なぜかヨシノリの体からペットショップの匂いがした。

 

話は最初に戻る。

京王多摩川駅にある植物園の中で、ヨシノリの結婚式は晴天のもと盛大に行われた。

かつての仲間達もみんな来ていた。

綿棒、ソナチネ、血尿、コラーゲン、そしてパラダイスもいた。

みんな全然変わっていなかった。

さらにまわりを見渡すと昔からの知り合いが何人もいた。

スカーフェイス、炭鉱の息子、井戸、ソフトオンデマンド、濡れ煎餅も、みんなあの時のままの笑顔だった。

僕はみんなとの再会に笑いながらも、ヨシノリからの頼みのせいで喜びに浸ることはできなかった。

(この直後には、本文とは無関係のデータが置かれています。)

lemma add_subgroup_diff: "is_add_subgroup H \<Longrightarrow> x \<in> H \<Longrightarrow> y \<in> H \<Longrightarrow> x - y \<in> H"
  unfolding diff_conv_add_uminus by (blast intro: add_subgroup_add add_subgroup_uminus)

lemma add_subgroup_Int:
  "is_add_subgroup H \<Longrightarrow> is_add_subgroup K \<Longrightarrow> is_add_subgroup (H \<inter> K)"
  unfolding is_add_subgroup_def by blast

lemma is_add_subgroup_gen_subgroup: "is_add_subgroup (gen_subgroup A)"
  unfolding is_add_subgroup_def by (auto intro: gen_subgroup.intros)

lemma gen_subgroup_least:
  assumes "is_add_subgroup H" "A \<subseteq> H"
  shows "gen_subgroup A \<subseteq> H"
proof
  fix x assume "x \<in> gen_subgroup A"
  then show "x \<in> H"
    using assms by (induction rule: gen_subgroup.induct) (auto simp: is_add_subgroup_def)
qed

lemma gen_subgroup_mono: "A \<subseteq> B \<Longrightarrow> gen_subgroup A \<subseteq> gen_subgroup B"
  by (meson gen_subgroup_least is_add_subgroup_gen_subgroup gen_subgroup.gen_base subset_iff)

lemma gen_subgroup_empty: "gen_subgroup {} = {0}"
  using gen_subgroup_least[of "{0}" "{}"] gen_subgroup.gen_zero
  by (auto simp: is_add_subgroup_def)

lemma zmul_0 [simp]: "zmul 0 x = 0"
  by (simp add: zmul_def)

lemma zmul_plus1: "zmul (k + 1) x = zmul k x + x"
proof (cases "k \<ge> 0")
  case True
  then obtain n where "k = int n" by (metis nonneg_eq_int)
  then show ?thesis by (simp add: zmul_def nat_add_distrib)
next
  case False
  define n where "n = nat (- k - 1)"
  have k: "k = - int (Suc n)" using False by (simp add: n_def)
  then have "nat (- k) = Suc n" by simp
  then have "zmul k x = - ((\<Sum>_\<in>{..<n}. x) + x)"
    using False by (simp add: zmul_def)
  moreover have "zmul (k + 1) x = - (\<Sum>_\<in>{..<n}. x)"
    using k by (cases "n = 0") (simp_all add: zmul_def)
  ultimately show ?thesis by simp
qed

lemma zmul_minus1: "zmul (k - 1) x = zmul k x - x"
  using zmul_plus1[of "k - 1" x] by simp

lemma zmul_1 [simp]: "zmul 1 x = x"
  using zmul_plus1[of 0 x] by simp

lemma zmul_uminus_left: "zmul (- k) x = - zmul k x"
  by (cases "k = 0") (auto simp: zmul_def)

lemma zmul_add_left: "zmul (a + b) x = zmul a x + zmul b x"
proof (induction b rule: int_induct[of _ 0])
  case (step1 i)
  then show ?case
    using zmul_plus1[of "a + i" x] zmul_plus1[of i x] by (simp add: add.assoc)
next
  case (step2 i)
  then show ?case
    using zmul_minus1[of "a + i" x] zmul_minus1[of i x] by (simp add: add_diff_eq)
qed simp

lemma zmul_diff_left: "zmul (a - b) x = zmul a x - zmul b x"
  using zmul_add_left[of a "- b" x] by (simp add: zmul_uminus_left)

lemma zmul_mult: "zmul (a * b) x = zmul a (zmul b x)"
proof (induction a rule: int_induct[of _ 0])
  case (step1 i)
  then show ?case by (simp add: distrib_right zmul_add_left zmul_plus1)
next
  case (step2 i)
  then show ?case by (simp add: left_diff_distrib zmul_diff_left zmul_minus1)
qed simp

lemma zmul_add_right: "zmul k (x + y) = zmul k x + zmul k y"
proof (induction k rule: int_induct[of _ 0])
  case (step1 i)
  then show ?case unfolding zmul_plus1 by (simp add: ac_simps)
next
  case (step2 i)
  then show ?case unfolding zmul_minus1 by (simp add: diff_add_eq add_diff_eq ac_simps)
qed simp

lemma zmul_int: "zmul k (d::int) = k * d"
  by (induction k rule: int_induct[of _ 0])
    (simp_all add: zmul_plus1 zmul_minus1 distrib_right left_diff_distrib)

lemma zmul_in_add_subgroup:
  assumes "is_add_subgroup H" "x \<in> H"
  shows "zmul k x \<in> H"
  by (induction k rule: int_induct[of _ 0])
    (use assms in \<open>simp_all add: zmul_plus1 zmul_minus1 add_subgroup_zero
      add_subgroup_add add_subgroup_diff\<close>)

lemma int_add_subgroup_multiples:
  fixes I :: "int set"
  assumes I: "is_add_subgroup I"
  shows "\<exists>d. I = range (\<lambda>m. m * d)"
proof (cases "I \<subseteq> {0}")
  case True
  then show ?thesis using add_subgroup_zero[OF I] by (intro exI[of _ 0]) auto
next
  case False
  then obtain a where "a \<in> I" "a \<noteq> 0" by auto
  then have "\<bar>a\<bar> \<in> I" using I by (cases "a \<ge> 0") (auto intro: add_subgroup_uminus)
  define d where "d = int (LEAST n. n > 0 \<and> int n \<in> I)"
  have d: "d > 0" "d \<in> I"
    using LeastI[of "\<lambda>n. n > 0 \<and> int n \<in> I" "nat \<bar>a\<bar>"] \<open>\<bar>a\<bar> \<in> I\<close> \<open>a \<noteq> 0\<close>
    by (auto simp: d_def)
  have d_least: "d \<le> q" if "q \<in> I" "q > 0" for q
    using Least_le[of "\<lambda>n. n > 0 \<and> int n \<in> I" "nat q"] that by (simp add: d_def)
  have multiples: "m * d \<in> I" for m
    using zmul_in_add_subgroup[OF I d(2), of m] by (simp add: zmul_int)
  have "k \<in> range (\<lambda>m. m * d)" if k: "k \<in> I" for k
  proof -
    have "k mod d \<in> I"
      using add_subgroup_diff[OF I k multiples[of "k div d"]] by (simp add: minus_div_mult_eq_mod)
    moreover have "0 \<le> k mod d" "k mod d < d" using d by simp_all
    ultimately have "k mod d = 0" using d_least[of "k mod d"] by fastforce
    then have "k = (k div d) * d" using div_mult_mod_eq[of k d] by simp
    then show ?thesis by blast
  qed
  then show ?thesis using multiples by blast
qed

lemma gen_subgroup_insert:
  "gen_subgroup (insert f F) = {x + zmul k f | x k. x \<in> gen_subgroup F}"
proof
  show "gen_subgroup (insert f F) \<subseteq> {x + zmul k f | x k. x \<in> gen_subgroup F}"
  proof
    fix y assume "y \<in> gen_subgroup (insert f F)"
    then show "y \<in> {x + zmul k f | x k. x \<in> gen_subgroup F}"
    proof (induction y rule: gen_subgroup.induct)
      case gen_zero
      have "0 = 0 + zmul 0 f" by simp
      then show ?case using gen_subgroup.gen_zero by blast
    next
      case (gen_base a)
      then consider "a = f" | "a \<in> F" by blast
      then show ?case
      proof cases
        case 1
        then have "a = 0 + zmul 1 f" by simp
        then show ?thesis using gen_subgroup.gen_zero by blast
      next
        case 2
        then have "a \<in> gen_subgroup F" by (rule gen_subgroup.gen_base)
        moreover have "a = a + zmul 0 f" by simp
        ultimately show ?thesis by blast
      qed
    next
      case (gen_add x y)
      then obtain x1 k1 x2 k2 where "x1 \<in> gen_subgroup F" "x2 \<in> gen_subgroup F"
        "x = x1 + zmul k1 f" "y = x2 + zmul k2 f" by blast
      moreover have "x + y = (x1 + x2) + zmul (k1 + k2) f"
        using calculation by (simp add: zmul_add_left ac_simps)
      ultimately show ?case using gen_subgroup.gen_add by blast
    next
      case (gen_neg x)
      then obtain x1 k1 where "x1 \<in> gen_subgroup F" "x = x1 + zmul k1 f" by blast
      moreover have "- x = - x1 + zmul (- k1) f"
        using calculation by (simp add: zmul_uminus_left)
      ultimately show ?case using gen_subgroup.gen_neg by blast
    qed
  qed
next
  have "gen_subgroup F \<subseteq> gen_subgroup (insert f F)" "f \<in> gen_subgroup (insert f F)"
    by (auto intro: gen_subgroup_mono[THEN subsetD] gen_subgroup.gen_base)
  then show "{x + zmul k f | x k. x \<in> gen_subgroup F} \<subseteq> gen_subgroup (insert f F)"
    using is_add_subgroup_gen_subgroup
    by (auto intro!: gen_subgroup.gen_add zmul_in_add_subgroup)
qed

lemma add_subgroup_coefficients:
  assumes "is_add_subgroup H"
  shows "is_add_subgroup {k. \<exists>x\<in>gen_subgroup F. x + zmul k f \<in> H}"
  unfolding is_add_subgroup_def
proof (intro conjI ballI)
  show "0 \<in> {k. \<exists>x\<in>gen_subgroup F. x + zmul k f \<in> H}"
    using add_subgroup_zero[OF assms] gen_subgroup.gen_zero by force
next
  fix a b assume "a \<in> {k. \<exists>x\<in>gen_subgroup F. x + zmul k f \<in> H}"
    "b \<in> {k. \<exists>x\<in>gen_subgroup F. x + zmul k f \<in> H}"
  then obtain x y where "x \<in> gen_subgroup F" "y \<in> gen_subgroup F"
    "x + zmul a f \<in> H" "y + zmul b f \<in> H" by blast
  moreover have "(x + zmul a f) + (y + zmul b f) = (x + y) + zmul (a + b) f"
    by (simp add: zmul_add_left ac_simps)
  ultimately have "x + y \<in> gen_subgroup F" "(x + y) + zmul (a + b) f \<in> H"
    using add_subgroup_add[OF assms] gen_subgroup.gen_add by metis+
  then show "a + b \<in> {k. \<exists>x\<in>gen_subgroup F. x + zmul k f \<in> H}" by blast
next
  fix a assume "a \<in> {k. \<exists>x\<in>gen_subgroup F. x + zmul k f \<in> H}"
  then obtain x where "x \<in> gen_subgroup F" "x + zmul a f \<in> H" by blast
  moreover have "- (x + zmul a f) = - x + zmul (- a) f"
    by (simp add: zmul_uminus_left)
  ultimately have "- x \<in> gen_subgroup F" "- x + zmul (- a) f \<in> H"
    using add_subgroup_uminus[OF assms] gen_subgroup.gen_neg by metis+
  then show "- a \<in> {k. \<exists>x\<in>gen_subgroup F. x + zmul k f \<in> H}" by blast
qed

お調子者の沼天狗がお馴染みの「選挙演説をするヤンキー」というギャグを10年ぶりに披露しようとした時、ぶっといビートが流れてきた。

ヨシノリが大好きな曲、Jay-Zと Notorious BIGの合作「Brooklyns Finest」だった。

Jigga,,,,Bigga,,,,

丘の上からハマーの真っ白のリムジンがこちらに向かってくる。

Brooklyn, going out for all!

リムジンが僕達の傍に停車し、運転手が後部座席のドアを開けると真っ白のスーツを着たヨシノリが降りてきた。

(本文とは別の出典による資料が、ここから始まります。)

lemma sum_excess_proper_subsets_ge:
  assumes "M \<in> A" "B \<subset> M" "M \<subset> N"
  defines "W \<equiv> {V \<in> A. V \<subset> B}"
  shows "card W \<le> card B"
    and "int (card W) * (2 * int (card B) - int (card N)) - 2 * int (card B) \<le> sum (excess N) W"
proof -
  have fin_B: "finite B"
    using finite_N subset_N[OF B_mem] finite_subset by blast
  have sum_le: "(\<Sum>V\<in>W. card (B - V)) \<le> card B"
  proof (rule sum_card_Diff_le_if_pairwise_Un_eq[OF fin_B])
    show "V \<subseteq> B" if "V \<in> W" for V
      using that unfolding W_def by blast
    show "V \<union> V' = B" if "V \<in> W" "V' \<in> W" "V \<noteq> V'" for V V'
      using that unfolding W_def by (intro proper_subsets_Un_eq[OF assms(1-3)]) auto
  qed
  have "card W = (\<Sum>V\<in>W. 1)"
    by simp
  also have "\<dots> \<le> (\<Sum>V\<in>W. card (B - V))"
  proof (rule sum_mono)
    show "1 \<le> card (B - V)" if "V \<in> W" for V
      using that fin_B unfolding W_def by (simp add: Suc_le_eq card_gt_0_iff) blast
  qed
  finally show "card W \<le> card B"
    using sum_le by linarith
  have "excess N V = (2 * int (card B) - int (card N)) - 2 * int (card (B - V))" if "V \<in> W" for V
  proof -
    have "V \<in> A" "V \<subseteq> B"
      using that unfolding W_def by auto
    then have "int (card (B - V)) = int (card B) - int (card V)"
      using fin_B by (simp add: card_Diff_subset finite_subset card_mono of_nat_diff)
    then show ?thesis
      using excess_N[OF \<open>V \<in> A\<close>] by simp
  qed
  then have "sum (excess N) W
      = int (card W) * (2 * int (card B) - int (card N)) - 2 * int (\<Sum>V\<in>W. card (B - V))"
    by (simp add: sum_subtractf sum_distrib_left of_nat_sum)
  then show "int (card W) * (2 * int (card B) - int (card N)) - 2 * int (card B) \<le> sum (excess N) W"
    using sum_le by linarith
qed

lemma sum_excess_not_subset_ge:
  assumes two_outside: "2 \<le> card (N - B)"
  defines "Q \<equiv> {x \<in> N - B. N - {x} \<in> A}"
  shows "int (card N) + int (card Q) * (int (card N) - 2) \<le> sum (excess N) {Y \<in> A. \<not> Y \<subseteq> B}"
proof -
  have not_in_singleton: "\<not> N - B \<subseteq> {x}" for x
  proof
    assume "N - B \<subseteq> {x}"
    then have "card (N - B) \<le> 1"
      using card_mono[of "{x}" "N - B"] by simp
    then show False
      using two_outside by simp
  qed
  have inj: "inj_on (\<lambda>x. N - {x}) Q"
    unfolding inj_on_def Q_def by blast
  have "excess N (N - {x}) = int (card N) - 2" if "x \<in> Q" for x
  proof -
    have "x \<in> N" "N - {x} \<in> A"
      using that unfolding Q_def by auto
    then have "int (card N) = int (card (N - {x})) + 1"
      unfolding card.remove[OF finite_N \<open>x \<in> N\<close>] by simp
    then show ?thesis
      using excess_N[OF \<open>N - {x} \<in> A\<close>] by simp
  qed
  then have "sum (excess N) ((\<lambda>x. N - {x}) ` Q) = int (card Q) * (int (card N) - 2)"
    by (simp add: sum.reindex[OF inj])
  moreover have "N \<notin> (\<lambda>x. N - {x}) ` Q" "finite Q"
    unfolding Q_def using finite_N by auto
  moreover have "excess N N = int (card N)"
    by (simp add: excess_def)
  ultimately have "int (card N) + int (card Q) * (int (card N) - 2)
      = sum (excess N) (insert N ((\<lambda>x. N - {x}) ` Q))"
    by simp
  also have "\<dots> \<le> sum (excess N) {Y \<in> A. \<not> Y \<subseteq> B}"
  proof (rule sum_mono2)
    show "finite {Y \<in> A. \<not> Y \<subseteq> B}"
      using finite_family by simp
    show "insert N ((\<lambda>x. N - {x}) ` Q) \<subseteq> {Y \<in> A. \<not> Y \<subseteq> B}"
      using N_mem not_in_singleton unfolding Q_def by blast
    show "0 \<le> excess N Y" if "Y \<in> {Y \<in> A. \<not> Y \<subseteq> B} - insert N ((\<lambda>x. N - {x}) ` Q)" for Y
    proof -
      have "Y \<in> A" "\<not> Y \<subseteq> B"
        using that by blast+
      then show ?thesis
        using large_if_not_subset[of Y] excess_N[of Y] by simp
    qed
  qed
  finally show ?thesis .
qed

右拳を肩上に上げると、スピーカーから流れていたビギーのラップが消えた。

ヨシノリは深く息を吸い込むんだ。

「タイガー!ファイヤー!サイバー!ファイバー!ダイバー!バイバー!ジャージャー!ヨシノリインダビルディングヨー!」

ヨシノリは一気に大声で叫ぶと目を見開き、ヨシノリ結婚式参加者の顔を見渡した。

みんなは突然の展開にどうしてよいかわからず、とりあえず拍手をした。

ヨシノリは僕を見つけると手招きした。

いよいよだ。

ヨシノリの計画、祈り、あるいは冒険が決行される時だ。

 

 

話の続きを書いていいか、一度ヨシノリに確認してみることにする。

ヨシノリの僕への頼みはあまりにも個人的で誠実で切実なものだからだ。

ヨシノリが「いいよ」って言ったら、いつかまた。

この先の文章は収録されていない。